Wolf J L, Trandafir T E, Akram F, Andrinopoulou E R, Maat A W P M, Mustafa D A M, Kros J M, Stubbs A P, Dingemans A C, von der Thüsen J H
Department of Pathology and Clinical Bioinformatics, Erasmus Medical Center, Rotterdam, the Netherlands.
Department of Epidemiology, Erasmus Medical Center, Rotterdam, the Netherlands.
Lung Cancer. 2023 Feb;176:112-120. doi: 10.1016/j.lungcan.2022.12.018. Epub 2022 Dec 30.
Since lung adenocarcinoma (LUAD) biopsies are usually small, it is questionable if their prognostic and predictive information is comparable to what is offered by large resection specimens. This study compares LUAD biopsies and resection specimens for their ability to provide prognostic and predictive parameters.
We selected 187 biopsy specimens with stage I and II LUAD. In 123 cases, subsequent resection specimens were also available. All specimens were evaluated for growth pattern, nuclear grade, fibrosis, inflammation, and genomic alterations. Findings were compared using non-parametric testing for categorical variables. Model performance was assessed using the area under the curve for both biopsies and resection specimens, and overall (OS) and disease-free survival (DFS) was calculated.

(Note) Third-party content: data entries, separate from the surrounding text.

(* Fix nonnegative integers $k,\ell$. Let $\mathbf{P}:(\mathbb{Z}/2\mathbb{Z})^k\to\mathbb{R}[x]$ and $\mathbf{Q}:(\mathbb{Z}/2\mathbb{Z})^\ell\to\mathbb{R}[x]$, and define $\mathbf{S}:(\mathbb{Z}/2\mathbb{Z})^{k+\ell}\to\mathbb{R}[x]$ by $S_{\alpha\beta}=P_\alpha Q_\beta$ for $\alpha\in(\mathbb{Z}/2\mathbb{Z})^k$, $\beta\in(\mathbb{Z}/2\mathbb{Z})^\ell$. If $\mathbf{P}$ is an interpolatory $k$-cube and $\mathbf{Q}$ is an interpolatory $\ell$-cube, then $\mathbf{S}$ is an interpolatory $(k+\ell)$-cube.
   Context: Elements of $(\mathbb{Z}/2\mathbb{Z})^k$ are strings $\alpha=\alpha_1\cdots\alpha_k$, and $\eta(i)$ has a single $1$ in coordinate $i$. Interpolation operators. For $\lambda,\rho\ge0$, ${}_1\mathrm{I}^\rho_\lambda$ maps $\mathbf{P}:(\mathbb{Z}/2\mathbb{Z})^k\to\mathbb{R}[x]$ to $\mathbf{Q}:(\mathbb{Z}/2\mathbb{Z})^{k-1}\to\mathbb{R}[x]$ with $Q_\alpha=\lambda P_{1\alpha}+\rho P_{0\alpha}$. For $k$-tuples $\lambda=(\lambda_1,\ldots,\lambda_k)$ and $\rho=(\rho_1,\ldots,\rho_k)$ of nonnegative reals, $\mathbb{I}^\rho_\lambda={}_1\mathrm{I}^{\rho_k}_{\lambda_k}\cdots{}_1\mathrm{I}^{\rho_1}_{\lambda_1}$, which yields a single polynomial. Flip operators. $(\Phi_i\mathbf{P})_\alpha=xP_{\alpha+\eta(i)}$ if $\alpha_i=0$, and $=P_{\alpha+\eta(i)}$ if $\alpha_i=1$. For $S\subseteq\{1,\ldots,k\}$, $\Phi_S=\prod_{i\in S}\Phi_i$. Interpolatory $k$-cubes. $\mathbf{P}$ is an interpolatory $k$-cube if, for all $k$-tuples $\lambda,\rho$ of positive reals and all $S\subseteq\{1,\ldots,k\}$, $\mathbb{I}^\rho_\lambda\Phi_S\mathbf{P}$ is standard and has only nonpositive zeros. For $k=0$ this means the single polynomial is standard with only nonpositive zeros. Standard means $\equiv0$ or positive leading coefficient. Only nonpositive zeros means $\equiv0$ or all zeros real and $\le0$. *)

theory Defs
  imports "HOL-Computational_Algebra.Polynomial" Complex_Main
begin

text \<open>A map (Z/2Z)^k -> R[x] is modelled as a function on bool lists; only lists of
  length k matter. True = 1, False = 0. Coordinates are 0-indexed (i = 0..k-1).\<close>

type_synonym cube = "bool list \<Rightarrow> real poly"

definition interp1 :: "real \<Rightarrow> real \<Rightarrow> cube \<Rightarrow> cube" where
  "interp1 lam rho P = (\<lambda>\<alpha>. smult lam (P (True # \<alpha>)) + smult rho (P (False # \<alpha>)))"

text \<open>interp [l1..lk] [r1..rk] = 1I^{rk}_{lk} o ... o 1I^{r1}_{l1} (l1,r1 applied first).\<close>
fun interp :: "real list \<Rightarrow> real list \<Rightarrow> cube \<Rightarrow> cube" where
  "interp (l # ls) (r # rs) P = interp ls rs (interp1 l r P)"
| "interp _ _ P = P"

definition flip :: "nat \<Rightarrow> cube \<Rightarrow> cube" where
  "flip i P = (\<lambda>\<alpha>. if \<not> \<alpha> ! i then [:0, 1:] * P (\<alpha>[i := \<not> \<alpha> ! i])
                    else P (\<alpha>[i := \<not> \<alpha> ! i]))"

definition flipS :: "nat set \<Rightarrow> cube \<Rightarrow> cube" where
  "flipS S P = fold flip (sorted_list_of_set S) P"

definition standard :: "real poly \<Rightarrow> bool" where
  "standard p \<longleftrightarrow> p = 0 \<or> lead_coeff p > 0"

definition nonpos_zeros :: "real poly \<Rightarrow> bool" where
  "nonpos_zeros p \<longleftrightarrow> p = 0 \<or>
     (\<forall>z::complex. poly (map_poly of_real p) z = 0 \<longrightarrow> Im z = 0 \<and> Re z \<le> 0)"

definition interpolatory_cube :: "nat \<Rightarrow> cube \<Rightarrow> bool" where
  "interpolatory_cube k P \<longleftrightarrow>
     (\<forall>lam rho S. length lam = k \<and> length rho = k \<and> (\<forall>x\<in>set lam. x > 0) \<and>
        (\<forall>x\<in>set rho. x > 0) \<and> S \<subseteq> {..<k} \<longrightarrow>
        standard (interp lam rho (flipS S P) []) \<and>
        nonpos_zeros (interp lam rho (flipS S P) []))"

end

theory Submission
  imports Defs
begin

text \<open>Flips at coordinates below \<open>k\<close> act only on the \<open>P\<close>-factor of \<open>S\<close>, flips at the
  other coordinates only on the \<open>Q\<close>-factor, so \<open>\<Phi>\<^sub>T S\<close> is again a product cube. Interpolating
  over the first \<open>k\<close> coordinates of a product cube just replaces the \<open>P\<close>-factor by its own
  interpolant, a scalar polynomial; hence every interpolant of \<open>\<Phi>\<^sub>T S\<close> is the product of an
  interpolant of a flip of \<open>P\<close> and one of a flip of \<open>Q\<close>. Both standardness and having only
  nonpositive real zeros are preserved under products.\<close>

definition cube_prod :: "nat \<Rightarrow> cube \<Rightarrow> cube \<Rightarrow> cube" where
  "cube_prod k P Q = (\<lambda>\<gamma>. P (take k \<gamma>) * Q (drop k \<gamma>))"

text \<open>The flip identities for product cubes hold only on words of the right length, since
  \<open>flip i\<close> reads the unspecified \<open>\<alpha> ! i\<close> on shorter words.\<close>

definition cube_agree :: "nat \<Rightarrow> cube \<Rightarrow> cube \<Rightarrow> bool" where
  "cube_agree n F G \<longleftrightarrow> (\<forall>\<alpha>. length \<alpha> = n \<longrightarrow> F \<alpha> = G \<alpha>)"

lemma cube_agree_trans: "cube_agree n F G \<Longrightarrow> cube_agree n G H \<Longrightarrow> cube_agree n F H"
  by (simp add: cube_agree_def)

lemma fold_flip_cube_agree:
  "cube_agree n F G \<Longrightarrow> cube_agree n (fold flip xs F) (fold flip xs G)"
  by (induction xs arbitrary: F G) (auto simp: cube_agree_def flip_def)

lemma flip_cube_prod_left:
  assumes "i < k"
  shows "cube_agree (k + l) (flip i (cube_prod k P Q)) (cube_prod k (flip i P) Q)"
  unfolding cube_agree_def
proof (intro allI impI)
  fix \<gamma> :: "bool list"
  have "take k (\<gamma>[i := v]) = (take k \<gamma>)[i := v]" "drop k (\<gamma>[i := v]) = drop k \<gamma>" for v
    using assms by (simp_all add: take_update_swap)
  moreover have "take k \<gamma> ! i = \<gamma> ! i" using assms by simp
  ultimately show "flip i (cube_prod k P Q) \<gamma> = cube_prod k (flip i P) Q \<gamma>"
    by (simp add: flip_def cube_prod_def mult.assoc)
qed

lemma flip_cube_prod_right:
  assumes "k \<le> i"
  shows "cube_agree (k + l) (flip i (cube_prod k P Q)) (cube_prod k P (flip (i - k) Q))"
  unfolding cube_agree_def
proof (intro allI impI)
  fix \<gamma> :: "bool list" assume "length \<gamma> = k + l"
  have "take k (\<gamma>[i := v]) = take k \<gamma>" "drop k (\<gamma>[i := v]) = (drop k \<gamma>)[i - k := v]" for v
    using assms by (simp_all add: drop_update_swap)
  moreover have "drop k \<gamma> ! (i - k) = \<gamma> ! i" using assms \<open>length \<gamma> = k + l\<close> by simp
  ultimately show "flip i (cube_prod k P Q) \<gamma> = cube_prod k P (flip (i - k) Q) \<gamma>"
    by (simp add: flip_def cube_prod_def mult_ac)
qed

lemma fold_flip_cube_prod:
  "cube_agree (k + l) (fold flip xs (cube_prod k P Q))
     (cube_prod k (fold flip (filter (\<lambda>i. i < k) xs) P)
                  (fold flip (map (\<lambda>i. i - k) (filter (\<lambda>i. k \<le> i) xs)) Q))"
proof (induction xs arbitrary: P Q)
  case Nil
  then show ?case by (simp add: cube_agree_def)
next
  case (Cons i xs)
  show ?case
  proof (cases "i < k")
    case True
    have "cube_agree (k + l) (fold flip xs (flip i (cube_prod k P Q)))
        (fold flip xs (cube_prod k (flip i P) Q))"
      using True by (intro fold_flip_cube_agree flip_cube_prod_left)
    with Cons.IH[of "flip i P" Q] True show ?thesis by (auto intro: cube_agree_trans)
  next
    case False
    have "cube_agree (k + l) (fold flip xs (flip i (cube_prod k P Q)))
        (fold flip xs (cube_prod k P (flip (i - k) Q)))"
      using False by (intro fold_flip_cube_agree flip_cube_prod_right) simp
    with Cons.IH[of P "flip (i - k) Q"] False show ?thesis by (auto intro: cube_agree_trans)
  qed
qed

lemma filter_sorted_list_of_set:
  assumes "finite A"
  shows "filter P (sorted_list_of_set A) = sorted_list_of_set {x \<in> A. P x}"
proof -
  have "set (filter P (sorted_list_of_set A)) = {x \<in> A. P x}" using assms by auto
  moreover have "sorted (filter P (sorted_list_of_set A))" by (rule sorted_wrt_filter) simp
  ultimately show ?thesis
    by (metis distinct_filter distinct_sorted_list_of_set
        sorted_list_of_set.idem_if_sorted_distinct)
qed

lemma map_diff_sorted_list_of_set:
  fixes A :: "nat set"
  assumes "finite A" and "\<forall>i\<in>A. k \<le> i"
  shows "map (\<lambda>i. i - k) (sorted_list_of_set A) = sorted_list_of_set ((\<lambda>i. i - k) ` A)"
proof -
  have "inj_on (\<lambda>i. i - k) A"
    using assms(2) unfolding inj_on_def by (metis le_add_diff_inverse)
  moreover have "sorted (map (\<lambda>i. i - k) (sorted_list_of_set A))"
    unfolding sorted_map by (rule sorted_wrt_mono_rel[OF _ sorted_sorted_list_of_set]) (simp add: diff_le_mono)
  ultimately show ?thesis
    using assms(1)
    by (metis distinct_map distinct_sorted_list_of_set set_map set_sorted_list_of_set
        sorted_list_of_set.idem_if_sorted_distinct)
qed

lemma flipS_cube_prod:
  assumes "finite T"
  shows "cube_agree (k + l) (flipS T (cube_prod k P Q))
     (cube_prod k (flipS {i \<in> T. i < k} P) (flipS ((\<lambda>i. i - k) ` {i \<in> T. k \<le> i}) Q))"
proof -
  have "map (\<lambda>i. i - k) (filter (\<lambda>i. k \<le> i) (sorted_list_of_set T))
      = sorted_list_of_set ((\<lambda>i. i - k) ` {i \<in> T. k \<le> i})"
    using assms by (simp add: filter_sorted_list_of_set map_diff_sorted_list_of_set)
  then show ?thesis
    using fold_flip_cube_prod[of k l "sorted_list_of_set T" P Q] assms
    by (simp add: flipS_def filter_sorted_list_of_set)
qed

lemma interp_cube_agree:
  "length lam = n \<Longrightarrow> length rho = n \<Longrightarrow> cube_agree (n + m) F G \<Longrightarrow>
   cube_agree m (interp lam rho F) (interp lam rho G)"
proof (induction lam arbitrary: n rho F G)
  case Nil
  then show ?case by simp
next
  case (Cons a lam)
  then obtain r rs where rho: "rho = r # rs" by (cases rho) auto
  have "cube_agree (n - 1 + m) (interp1 a r F) (interp1 a r G)"
    using Cons.prems by (auto simp: cube_agree_def interp1_def)
  then show ?case using Cons rho by (cases n) auto
qed

lemma interp_append:
  "length lam1 = length rho1 \<Longrightarrow>
   interp (lam1 @ lam2) (rho1 @ rho2) F = interp lam2 rho2 (interp lam1 rho1 F)"
proof (induction lam1 arbitrary: rho1 F)
  case Nil
  then show ?case by simp
next
  case (Cons a lam1)
  then show ?case by (cases rho1) auto
qed

lemma interp_cube_prod:
  "length lam = k \<Longrightarrow> length rho = k \<Longrightarrow>
   interp lam rho (cube_prod k P Q) = (\<lambda>\<gamma>. interp lam rho P [] * Q \<gamma>)"
proof (induction lam arbitrary: k rho P)
  case Nil
  then show ?case by (simp add: cube_prod_def)
next
  case (Cons a lam)
  then obtain r rs where rho: "rho = r # rs" by (cases rho) auto
  have "interp1 a r (cube_prod k P Q) = cube_prod (k - 1) (interp1 a r P) Q"
    using Cons.prems
    by (cases k) (auto simp: cube_prod_def interp1_def fun_eq_iff algebra_simps)
  then show ?case using Cons rho by simp
qed

lemma interp_mult_left:
  "interp lam rho (\<lambda>\<gamma>. c * Q \<gamma>) = (\<lambda>\<gamma>. c * interp lam rho Q \<gamma>)"
proof (induction lam rho Q rule: interp.induct)
  case (1 l ls r rs P)
  have "interp1 l r (\<lambda>\<gamma>. c * P \<gamma>) = (\<lambda>\<gamma>. c * interp1 l r P \<gamma>)"
    by (auto simp: interp1_def fun_eq_iff algebra_simps)
  then show ?case using 1 by simp
qed auto

lemma interp_flipS_cube_prod:
  assumes "length lam = k + l" and "length rho = k + l" and "finite T"
  shows "interp lam rho (flipS T (cube_prod k P Q)) [] =
    interp (take k lam) (take k rho) (flipS {i \<in> T. i < k} P) [] *
    interp (drop k lam) (drop k rho) (flipS ((\<lambda>i. i - k) ` {i \<in> T. k \<le> i}) Q) []"
    (is "_ = interp ?lam1 ?rho1 ?P' [] * interp ?lam2 ?rho2 ?Q' []")
proof -
  have "interp lam rho (flipS T (cube_prod k P Q)) [] = interp lam rho (cube_prod k ?P' ?Q') []"
    using interp_cube_agree[of lam "k + l" rho 0] flipS_cube_prod[OF assms(3)] assms(1,2)
    by (simp add: cube_agree_def)
  also have "\<dots> = interp ?lam2 ?rho2 (interp ?lam1 ?rho1 (cube_prod k ?P' ?Q')) []"
    using interp_append[of ?lam1 ?rho1 ?lam2 ?rho2] assms(1,2) by simp
  also have "\<dots> = interp ?lam1 ?rho1 ?P' [] * interp ?lam2 ?rho2 ?Q' []"
    using assms(1,2) by (simp add: interp_cube_prod interp_mult_left)
  finally show ?thesis .
qed

lemma standard_mult: "standard p \<Longrightarrow> standard q \<Longrightarrow> standard (p * q)"
  by (auto simp: standard_def lead_coeff_mult)

lemma map_poly_of_real_mult:
  "map_poly (of_real :: real \<Rightarrow> 'a :: {real_algebra_1, comm_semiring_0}) (p * q) =
     map_poly of_real p * map_poly of_real q"
  by (rule poly_eqI) (simp add: coeff_map_poly coeff_mult)

lemma nonpos_zeros_mult: "nonpos_zeros p \<Longrightarrow> nonpos_zeros q \<Longrightarrow> nonpos_zeros (p * q)"
  by (auto simp: nonpos_zeros_def map_poly_of_real_mult)

theorem lemma4p6:
  fixes k l :: nat and P Q :: cube
  assumes "interpolatory_cube k P" and "interpolatory_cube l Q"
  shows "interpolatory_cube (k + l) (\<lambda>\<gamma>. P (take k \<gamma>) * Q (drop k \<gamma>))"
  unfolding interpolatory_cube_def cube_prod_def[symmetric]
proof (intro allI impI, elim conjE)
  fix lam rho :: "real list" and T :: "nat set"
  assume len: "length lam = k + l" "length rho = k + l"
    and pos: "\<forall>x\<in>set lam. x > 0" "\<forall>x\<in>set rho. x > 0" and T: "T \<subseteq> {..<k + l}"
  let ?T1 = "{i \<in> T. i < k}" and ?T2 = "(\<lambda>i. i - k) ` {i \<in> T. k \<le> i}"
  have "finite T" using T finite_subset by blast
  have "?T1 \<subseteq> {..<k}" "?T2 \<subseteq> {..<l}" using T by auto
  moreover have "\<forall>x\<in>set (take k lam) \<union> set (drop k lam) \<union> set (take k rho) \<union> set (drop k rho). x > 0"
    using pos by (auto dest: in_set_takeD in_set_dropD)
  ultimately have "standard (interp (take k lam) (take k rho) (flipS ?T1 P) []) \<and>
      nonpos_zeros (interp (take k lam) (take k rho) (flipS ?T1 P) [])"
    "standard (interp (drop k lam) (drop k rho) (flipS ?T2 Q) []) \<and>
      nonpos_zeros (interp (drop k lam) (drop k rho) (flipS ?T2 Q) [])"
    using assms len unfolding interpolatory_cube_def by simp_all
  then show "standard (interp lam rho (flipS T (cube_prod k P Q)) []) \<and>
      nonpos_zeros (interp lam rho (flipS T (cube_prod k P Q)) [])"
    using interp_flipS_cube_prod[OF len \<open>finite T\<close>] standard_mult nonpos_zeros_mult by simp
qed

end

The overall growth pattern concordance between biopsies and resections was 73.9%. The dominant growth pattern correlated with OS and DFS in resected adenocarcinomas and for high-grade growth pattern in biopsies. Multivariate analysis of biopsy specimens revealed that T2-tumors, N1-status, KRAS mutations and a lack of other driver mutations were associated with poorer survival. Model performance using clinical, histological and genetic data from biopsy specimens for predicting OS and DSF demonstrated an AUC of 0.72 and 0.69, respectively.
Our data demonstrated the prognostic relevance of a high-grade growth pattern in biopsy specimens of LUAD. Combining clinical, histological and genetic information in one model demonstrated a suboptimal performance for DFS prediction and good performance for OS prediction. However, for daily practice, more robust (bio)markers are required to predict prognosis and stratify patients for therapy and follow-up.
由于肺腺癌(LUAD)活检样本通常较小,其预后和预测信息是否与大的切除标本相当尚存在疑问。本研究比较了LUAD活检样本和切除标本提供预后和预测参数的能力。
我们选取了187例I期和II期LUAD活检标本。其中123例随后也获得了切除标本。对所有标本评估生长模式、核分级、纤维化、炎症和基因组改变。使用非参数检验对分类变量的结果进行比较。使用活检标本和切除标本的曲线下面积评估模型性能,并计算总生存期(OS)和无病生存期(DFS)。
活检标本和切除标本的总体生长模式一致性为73.9%。在切除的腺癌中,主要生长模式与OS和DFS相关,在活检标本中与高级别生长模式相关。对活检标本的多变量分析显示,T2期肿瘤、N1状态、KRAS突变以及缺乏其他驱动基因突变与较差的生存率相关。使用活检标本的临床、组织学和基因数据预测OS和DSF的模型性能显示,曲线下面积(AUC)分别为0.72和0.69。
我们的数据证明了LUAD活检标本中高级别生长模式的预后相关性。将临床、组织学和基因信息整合到一个模型中,对DFS预测表现欠佳,对OS预测表现良好。然而,在日常实践中,需要更可靠的(生物)标志物来预测预后,并对患者进行治疗和随访分层。